[Stored data]
--------

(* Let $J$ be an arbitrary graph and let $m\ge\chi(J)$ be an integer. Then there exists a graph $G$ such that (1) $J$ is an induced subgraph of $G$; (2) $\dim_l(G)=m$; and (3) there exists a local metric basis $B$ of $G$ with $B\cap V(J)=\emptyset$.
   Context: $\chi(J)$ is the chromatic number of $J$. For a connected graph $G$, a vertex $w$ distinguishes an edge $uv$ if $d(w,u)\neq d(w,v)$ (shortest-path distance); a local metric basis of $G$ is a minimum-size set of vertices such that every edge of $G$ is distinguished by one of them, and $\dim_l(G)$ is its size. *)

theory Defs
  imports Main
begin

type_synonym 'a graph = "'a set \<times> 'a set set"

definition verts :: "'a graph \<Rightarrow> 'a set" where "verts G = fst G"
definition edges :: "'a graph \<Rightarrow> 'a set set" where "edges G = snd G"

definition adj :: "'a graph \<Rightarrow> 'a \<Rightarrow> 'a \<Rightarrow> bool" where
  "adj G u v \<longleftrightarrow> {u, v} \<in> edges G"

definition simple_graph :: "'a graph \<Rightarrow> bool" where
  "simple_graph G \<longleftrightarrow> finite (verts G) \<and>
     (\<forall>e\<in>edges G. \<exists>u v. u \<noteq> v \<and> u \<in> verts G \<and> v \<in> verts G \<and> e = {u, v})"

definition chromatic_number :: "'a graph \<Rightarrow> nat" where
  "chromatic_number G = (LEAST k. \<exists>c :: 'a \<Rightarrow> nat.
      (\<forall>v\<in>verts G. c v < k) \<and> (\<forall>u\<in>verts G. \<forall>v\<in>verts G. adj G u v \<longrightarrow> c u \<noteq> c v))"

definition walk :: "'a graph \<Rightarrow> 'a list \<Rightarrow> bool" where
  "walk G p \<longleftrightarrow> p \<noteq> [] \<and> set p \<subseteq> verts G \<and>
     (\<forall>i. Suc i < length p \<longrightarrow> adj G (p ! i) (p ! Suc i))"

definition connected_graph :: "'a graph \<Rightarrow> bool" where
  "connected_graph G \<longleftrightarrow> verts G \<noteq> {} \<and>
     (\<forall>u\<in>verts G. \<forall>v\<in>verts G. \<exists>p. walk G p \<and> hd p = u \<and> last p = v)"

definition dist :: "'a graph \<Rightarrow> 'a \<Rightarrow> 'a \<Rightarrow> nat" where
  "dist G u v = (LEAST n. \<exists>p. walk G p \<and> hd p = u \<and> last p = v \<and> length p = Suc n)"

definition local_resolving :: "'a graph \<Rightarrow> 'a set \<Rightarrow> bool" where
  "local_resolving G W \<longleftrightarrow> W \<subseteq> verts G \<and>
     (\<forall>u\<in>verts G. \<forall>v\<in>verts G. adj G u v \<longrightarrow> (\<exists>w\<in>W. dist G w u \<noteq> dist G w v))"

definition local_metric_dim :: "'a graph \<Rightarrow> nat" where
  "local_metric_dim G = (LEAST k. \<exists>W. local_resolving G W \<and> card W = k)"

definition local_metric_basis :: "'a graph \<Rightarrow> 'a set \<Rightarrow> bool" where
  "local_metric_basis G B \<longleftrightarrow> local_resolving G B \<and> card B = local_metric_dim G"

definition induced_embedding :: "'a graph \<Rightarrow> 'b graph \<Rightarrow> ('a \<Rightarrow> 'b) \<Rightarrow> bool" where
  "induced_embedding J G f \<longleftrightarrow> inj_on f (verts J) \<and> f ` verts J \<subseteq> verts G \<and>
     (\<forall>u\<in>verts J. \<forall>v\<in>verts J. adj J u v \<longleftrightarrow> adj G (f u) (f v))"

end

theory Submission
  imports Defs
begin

--------

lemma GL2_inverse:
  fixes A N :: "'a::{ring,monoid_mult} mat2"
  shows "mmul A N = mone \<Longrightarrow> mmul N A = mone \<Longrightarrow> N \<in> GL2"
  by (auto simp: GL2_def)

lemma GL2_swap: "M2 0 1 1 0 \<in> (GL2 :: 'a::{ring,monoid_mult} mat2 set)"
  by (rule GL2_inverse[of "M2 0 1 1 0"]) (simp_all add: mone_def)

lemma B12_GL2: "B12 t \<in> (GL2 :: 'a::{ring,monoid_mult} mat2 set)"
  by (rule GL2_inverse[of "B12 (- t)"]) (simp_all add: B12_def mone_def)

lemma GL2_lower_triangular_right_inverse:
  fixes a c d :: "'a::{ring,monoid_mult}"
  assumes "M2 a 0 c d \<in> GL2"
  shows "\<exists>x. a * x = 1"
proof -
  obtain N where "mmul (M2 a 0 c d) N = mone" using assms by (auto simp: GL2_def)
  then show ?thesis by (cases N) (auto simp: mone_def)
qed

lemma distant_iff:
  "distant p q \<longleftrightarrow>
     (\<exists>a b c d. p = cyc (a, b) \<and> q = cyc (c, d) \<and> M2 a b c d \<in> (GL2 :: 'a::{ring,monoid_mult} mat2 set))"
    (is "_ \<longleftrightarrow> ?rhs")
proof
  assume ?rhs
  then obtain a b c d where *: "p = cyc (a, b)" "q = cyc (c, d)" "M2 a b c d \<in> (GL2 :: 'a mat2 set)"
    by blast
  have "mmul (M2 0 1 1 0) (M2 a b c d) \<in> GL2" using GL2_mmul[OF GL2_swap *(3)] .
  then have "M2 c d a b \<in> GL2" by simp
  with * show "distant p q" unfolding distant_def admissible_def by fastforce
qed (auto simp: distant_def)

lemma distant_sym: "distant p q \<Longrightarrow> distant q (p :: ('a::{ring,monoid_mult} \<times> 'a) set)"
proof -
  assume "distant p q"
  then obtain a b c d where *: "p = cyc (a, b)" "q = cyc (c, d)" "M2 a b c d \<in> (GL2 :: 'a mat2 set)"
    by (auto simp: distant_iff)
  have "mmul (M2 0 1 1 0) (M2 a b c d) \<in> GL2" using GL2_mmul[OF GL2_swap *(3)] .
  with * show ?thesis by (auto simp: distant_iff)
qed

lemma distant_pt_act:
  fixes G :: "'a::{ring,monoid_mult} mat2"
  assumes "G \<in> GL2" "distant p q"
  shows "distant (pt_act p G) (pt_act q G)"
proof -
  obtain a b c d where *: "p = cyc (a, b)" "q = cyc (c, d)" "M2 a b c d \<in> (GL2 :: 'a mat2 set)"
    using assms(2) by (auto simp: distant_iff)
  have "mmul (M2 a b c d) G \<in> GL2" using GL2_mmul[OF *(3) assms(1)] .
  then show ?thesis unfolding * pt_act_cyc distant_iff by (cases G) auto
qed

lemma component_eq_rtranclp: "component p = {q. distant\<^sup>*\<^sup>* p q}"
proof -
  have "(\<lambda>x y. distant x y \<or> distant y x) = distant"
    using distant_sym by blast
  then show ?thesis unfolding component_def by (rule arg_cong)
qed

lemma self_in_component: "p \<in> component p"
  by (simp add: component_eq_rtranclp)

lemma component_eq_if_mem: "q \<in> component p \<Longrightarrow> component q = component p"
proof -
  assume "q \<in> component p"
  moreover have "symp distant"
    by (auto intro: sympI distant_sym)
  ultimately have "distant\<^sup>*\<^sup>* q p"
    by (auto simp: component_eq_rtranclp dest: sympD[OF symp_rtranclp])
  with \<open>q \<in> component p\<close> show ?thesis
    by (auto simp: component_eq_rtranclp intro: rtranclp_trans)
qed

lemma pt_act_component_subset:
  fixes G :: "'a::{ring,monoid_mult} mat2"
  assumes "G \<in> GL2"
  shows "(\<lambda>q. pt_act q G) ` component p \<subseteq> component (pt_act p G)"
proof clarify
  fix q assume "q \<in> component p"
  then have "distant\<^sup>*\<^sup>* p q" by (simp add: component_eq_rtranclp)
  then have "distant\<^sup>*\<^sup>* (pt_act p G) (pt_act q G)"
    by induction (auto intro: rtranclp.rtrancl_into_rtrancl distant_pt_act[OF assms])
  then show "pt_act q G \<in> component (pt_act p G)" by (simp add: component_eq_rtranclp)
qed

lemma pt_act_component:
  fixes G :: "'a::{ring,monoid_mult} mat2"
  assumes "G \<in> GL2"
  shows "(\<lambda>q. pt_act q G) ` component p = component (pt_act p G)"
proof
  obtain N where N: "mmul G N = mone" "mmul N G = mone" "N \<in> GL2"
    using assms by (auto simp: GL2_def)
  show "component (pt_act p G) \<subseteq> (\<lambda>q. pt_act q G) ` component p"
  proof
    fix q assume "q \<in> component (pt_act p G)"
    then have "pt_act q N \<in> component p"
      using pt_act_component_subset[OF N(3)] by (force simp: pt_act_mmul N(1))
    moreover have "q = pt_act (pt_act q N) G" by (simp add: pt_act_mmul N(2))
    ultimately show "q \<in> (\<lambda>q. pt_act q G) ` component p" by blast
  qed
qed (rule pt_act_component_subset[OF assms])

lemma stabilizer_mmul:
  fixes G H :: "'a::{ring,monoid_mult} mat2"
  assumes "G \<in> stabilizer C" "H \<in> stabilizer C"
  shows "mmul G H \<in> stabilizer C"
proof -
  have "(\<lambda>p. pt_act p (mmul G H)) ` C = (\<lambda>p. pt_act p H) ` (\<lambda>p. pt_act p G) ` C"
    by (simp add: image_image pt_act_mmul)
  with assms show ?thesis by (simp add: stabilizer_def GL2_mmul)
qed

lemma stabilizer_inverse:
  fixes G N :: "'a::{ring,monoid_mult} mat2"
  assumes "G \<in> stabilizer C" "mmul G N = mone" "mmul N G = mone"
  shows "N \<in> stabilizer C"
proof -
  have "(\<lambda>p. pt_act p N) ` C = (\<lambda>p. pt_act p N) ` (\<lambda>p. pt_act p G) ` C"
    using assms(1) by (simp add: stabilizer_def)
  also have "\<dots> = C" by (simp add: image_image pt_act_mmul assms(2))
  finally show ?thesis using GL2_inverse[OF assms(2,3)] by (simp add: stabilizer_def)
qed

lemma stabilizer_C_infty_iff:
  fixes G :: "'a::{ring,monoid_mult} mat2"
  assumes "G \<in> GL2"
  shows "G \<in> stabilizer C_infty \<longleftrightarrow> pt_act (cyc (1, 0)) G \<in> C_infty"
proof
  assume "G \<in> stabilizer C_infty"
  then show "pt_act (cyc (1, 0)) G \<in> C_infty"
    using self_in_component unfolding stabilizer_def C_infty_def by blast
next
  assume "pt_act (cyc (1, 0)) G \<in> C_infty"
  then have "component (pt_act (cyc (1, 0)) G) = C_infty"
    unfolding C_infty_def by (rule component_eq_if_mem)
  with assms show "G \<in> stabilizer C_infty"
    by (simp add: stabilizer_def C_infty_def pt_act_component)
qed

--------

■ How to complete this task:
Show the lines in the entries above that include the string "walk".

■ Answer box:
definition walk :: "'a graph \<Rightarrow> 'a list \<Rightarrow> bool" where
  "walk G p \<longleftrightarrow> p \<noteq> [] \<and> set p \<subseteq> verts G \<and>
     (\<forall>u\<in>verts G. \<forall>v\<in>verts G. \<exists>p. walk G p \<and> hd p = u \<and> last p = v)"
  "dist G u v = (LEAST n. \<exists>p. walk G p \<and> hd p = u \<and> last p = v \<and> length p = Suc n)"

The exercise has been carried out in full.